**Work required**
In how many lines of the listing below does the word "forall" occur? Say only the number.

▼

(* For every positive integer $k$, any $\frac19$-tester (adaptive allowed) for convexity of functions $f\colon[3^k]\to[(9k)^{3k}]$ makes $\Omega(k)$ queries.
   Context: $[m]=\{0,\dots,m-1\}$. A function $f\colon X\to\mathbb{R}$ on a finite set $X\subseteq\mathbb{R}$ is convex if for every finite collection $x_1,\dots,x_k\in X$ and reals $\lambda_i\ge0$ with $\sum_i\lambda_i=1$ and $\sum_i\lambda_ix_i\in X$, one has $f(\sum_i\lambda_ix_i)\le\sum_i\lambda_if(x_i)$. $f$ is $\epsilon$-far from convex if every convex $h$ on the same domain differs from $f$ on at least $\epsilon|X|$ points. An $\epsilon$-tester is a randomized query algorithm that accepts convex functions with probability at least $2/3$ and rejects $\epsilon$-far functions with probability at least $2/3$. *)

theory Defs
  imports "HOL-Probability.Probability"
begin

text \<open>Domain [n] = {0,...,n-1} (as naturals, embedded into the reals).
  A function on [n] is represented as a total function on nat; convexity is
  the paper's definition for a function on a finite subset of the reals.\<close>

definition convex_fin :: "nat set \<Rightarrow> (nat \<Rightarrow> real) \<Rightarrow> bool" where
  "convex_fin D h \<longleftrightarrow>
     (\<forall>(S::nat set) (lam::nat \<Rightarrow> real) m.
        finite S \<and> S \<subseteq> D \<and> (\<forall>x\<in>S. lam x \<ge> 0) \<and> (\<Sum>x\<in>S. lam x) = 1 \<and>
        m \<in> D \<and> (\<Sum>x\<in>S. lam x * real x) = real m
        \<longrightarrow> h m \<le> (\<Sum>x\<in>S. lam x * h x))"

▲

**Response**
2